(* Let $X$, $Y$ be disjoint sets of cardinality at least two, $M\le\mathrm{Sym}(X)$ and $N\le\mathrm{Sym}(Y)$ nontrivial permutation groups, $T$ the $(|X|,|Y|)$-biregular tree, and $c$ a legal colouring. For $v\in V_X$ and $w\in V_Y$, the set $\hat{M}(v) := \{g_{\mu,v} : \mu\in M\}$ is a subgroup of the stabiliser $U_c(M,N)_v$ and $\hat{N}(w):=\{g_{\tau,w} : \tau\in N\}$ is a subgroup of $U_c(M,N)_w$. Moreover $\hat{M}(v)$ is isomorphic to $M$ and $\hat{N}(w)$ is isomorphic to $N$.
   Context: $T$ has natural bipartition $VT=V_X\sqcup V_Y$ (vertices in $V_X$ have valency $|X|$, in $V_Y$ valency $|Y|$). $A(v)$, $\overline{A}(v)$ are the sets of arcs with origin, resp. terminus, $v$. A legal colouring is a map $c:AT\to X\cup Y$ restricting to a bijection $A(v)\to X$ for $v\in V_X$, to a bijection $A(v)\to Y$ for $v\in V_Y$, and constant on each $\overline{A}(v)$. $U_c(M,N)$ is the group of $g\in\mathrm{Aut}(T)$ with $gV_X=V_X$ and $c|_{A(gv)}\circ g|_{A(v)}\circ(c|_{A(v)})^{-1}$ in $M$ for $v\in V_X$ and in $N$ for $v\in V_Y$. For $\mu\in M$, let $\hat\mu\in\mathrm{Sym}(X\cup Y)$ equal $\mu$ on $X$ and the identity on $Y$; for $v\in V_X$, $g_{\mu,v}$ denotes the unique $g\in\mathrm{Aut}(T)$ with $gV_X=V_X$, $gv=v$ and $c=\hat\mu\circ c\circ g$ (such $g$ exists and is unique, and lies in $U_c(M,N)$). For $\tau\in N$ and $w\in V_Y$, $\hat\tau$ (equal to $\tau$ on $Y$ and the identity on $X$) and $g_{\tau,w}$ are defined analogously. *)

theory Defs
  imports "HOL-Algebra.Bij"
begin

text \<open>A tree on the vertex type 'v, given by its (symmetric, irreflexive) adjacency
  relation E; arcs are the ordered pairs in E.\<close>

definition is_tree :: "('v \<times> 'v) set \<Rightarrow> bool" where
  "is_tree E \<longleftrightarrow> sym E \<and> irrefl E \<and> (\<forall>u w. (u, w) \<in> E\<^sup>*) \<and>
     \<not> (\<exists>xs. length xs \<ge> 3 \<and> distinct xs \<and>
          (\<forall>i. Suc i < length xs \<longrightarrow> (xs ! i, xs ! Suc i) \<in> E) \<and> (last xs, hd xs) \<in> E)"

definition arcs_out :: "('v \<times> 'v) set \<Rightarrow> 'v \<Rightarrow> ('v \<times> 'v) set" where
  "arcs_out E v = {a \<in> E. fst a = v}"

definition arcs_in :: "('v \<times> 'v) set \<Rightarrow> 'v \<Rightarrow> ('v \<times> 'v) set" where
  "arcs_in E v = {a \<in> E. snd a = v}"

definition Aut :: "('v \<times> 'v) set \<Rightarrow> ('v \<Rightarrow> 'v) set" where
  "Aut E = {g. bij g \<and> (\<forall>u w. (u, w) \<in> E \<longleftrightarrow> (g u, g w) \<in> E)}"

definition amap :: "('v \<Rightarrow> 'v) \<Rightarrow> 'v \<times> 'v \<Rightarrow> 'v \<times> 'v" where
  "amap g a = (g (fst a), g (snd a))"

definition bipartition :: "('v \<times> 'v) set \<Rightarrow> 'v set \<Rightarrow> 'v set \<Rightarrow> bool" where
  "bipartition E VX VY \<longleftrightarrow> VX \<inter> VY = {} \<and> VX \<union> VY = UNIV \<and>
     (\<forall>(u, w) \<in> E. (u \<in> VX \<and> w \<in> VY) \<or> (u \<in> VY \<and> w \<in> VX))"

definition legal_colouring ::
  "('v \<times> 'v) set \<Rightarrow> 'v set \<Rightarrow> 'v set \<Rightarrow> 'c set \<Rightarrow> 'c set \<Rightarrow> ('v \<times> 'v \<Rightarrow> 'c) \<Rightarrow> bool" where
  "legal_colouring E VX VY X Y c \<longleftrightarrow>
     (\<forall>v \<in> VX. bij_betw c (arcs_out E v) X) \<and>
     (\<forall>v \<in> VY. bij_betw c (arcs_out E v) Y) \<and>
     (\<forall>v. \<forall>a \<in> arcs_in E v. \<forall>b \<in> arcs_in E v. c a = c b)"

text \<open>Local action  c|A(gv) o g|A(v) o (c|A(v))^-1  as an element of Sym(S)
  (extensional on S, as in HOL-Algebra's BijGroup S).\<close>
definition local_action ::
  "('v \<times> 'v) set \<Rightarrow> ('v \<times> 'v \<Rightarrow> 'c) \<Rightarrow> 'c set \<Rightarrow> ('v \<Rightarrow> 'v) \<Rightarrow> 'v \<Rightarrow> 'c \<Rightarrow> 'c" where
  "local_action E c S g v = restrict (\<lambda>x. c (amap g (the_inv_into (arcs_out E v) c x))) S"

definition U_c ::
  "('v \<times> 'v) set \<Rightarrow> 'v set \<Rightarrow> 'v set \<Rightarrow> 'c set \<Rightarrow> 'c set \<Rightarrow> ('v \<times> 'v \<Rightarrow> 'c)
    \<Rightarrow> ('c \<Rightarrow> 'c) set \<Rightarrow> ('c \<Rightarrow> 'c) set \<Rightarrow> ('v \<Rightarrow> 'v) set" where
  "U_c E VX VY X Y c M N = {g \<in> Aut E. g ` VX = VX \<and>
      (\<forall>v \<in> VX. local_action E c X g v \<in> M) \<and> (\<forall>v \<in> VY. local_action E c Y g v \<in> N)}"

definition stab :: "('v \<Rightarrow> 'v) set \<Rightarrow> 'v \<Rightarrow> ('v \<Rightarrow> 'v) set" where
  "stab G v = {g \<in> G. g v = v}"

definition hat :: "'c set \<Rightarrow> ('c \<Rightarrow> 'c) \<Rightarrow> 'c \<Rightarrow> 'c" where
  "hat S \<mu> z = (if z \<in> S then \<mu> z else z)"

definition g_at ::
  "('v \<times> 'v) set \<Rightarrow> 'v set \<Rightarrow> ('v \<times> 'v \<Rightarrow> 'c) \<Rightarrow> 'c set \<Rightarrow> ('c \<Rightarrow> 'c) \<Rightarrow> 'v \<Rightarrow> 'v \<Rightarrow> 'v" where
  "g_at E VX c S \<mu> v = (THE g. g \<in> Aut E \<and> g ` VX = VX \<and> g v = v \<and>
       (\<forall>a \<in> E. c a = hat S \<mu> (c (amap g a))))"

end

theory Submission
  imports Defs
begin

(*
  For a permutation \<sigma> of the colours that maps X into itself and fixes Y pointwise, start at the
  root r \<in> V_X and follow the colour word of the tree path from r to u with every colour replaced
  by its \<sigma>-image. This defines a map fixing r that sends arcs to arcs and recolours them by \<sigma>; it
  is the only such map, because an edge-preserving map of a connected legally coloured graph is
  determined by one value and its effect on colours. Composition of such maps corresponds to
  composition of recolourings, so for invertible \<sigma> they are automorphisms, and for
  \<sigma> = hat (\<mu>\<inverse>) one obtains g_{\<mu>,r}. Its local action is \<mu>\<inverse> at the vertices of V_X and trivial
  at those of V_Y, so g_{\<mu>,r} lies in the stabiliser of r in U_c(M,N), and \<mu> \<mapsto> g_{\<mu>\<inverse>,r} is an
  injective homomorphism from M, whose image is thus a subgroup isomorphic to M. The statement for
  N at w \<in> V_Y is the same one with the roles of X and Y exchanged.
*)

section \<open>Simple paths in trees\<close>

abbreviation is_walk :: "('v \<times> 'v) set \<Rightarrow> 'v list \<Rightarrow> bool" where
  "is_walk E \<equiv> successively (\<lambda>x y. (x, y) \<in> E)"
____
Find every line in the listing that holds the string "sigma", then say how many there are as a bare number.

| Answer for the task |
4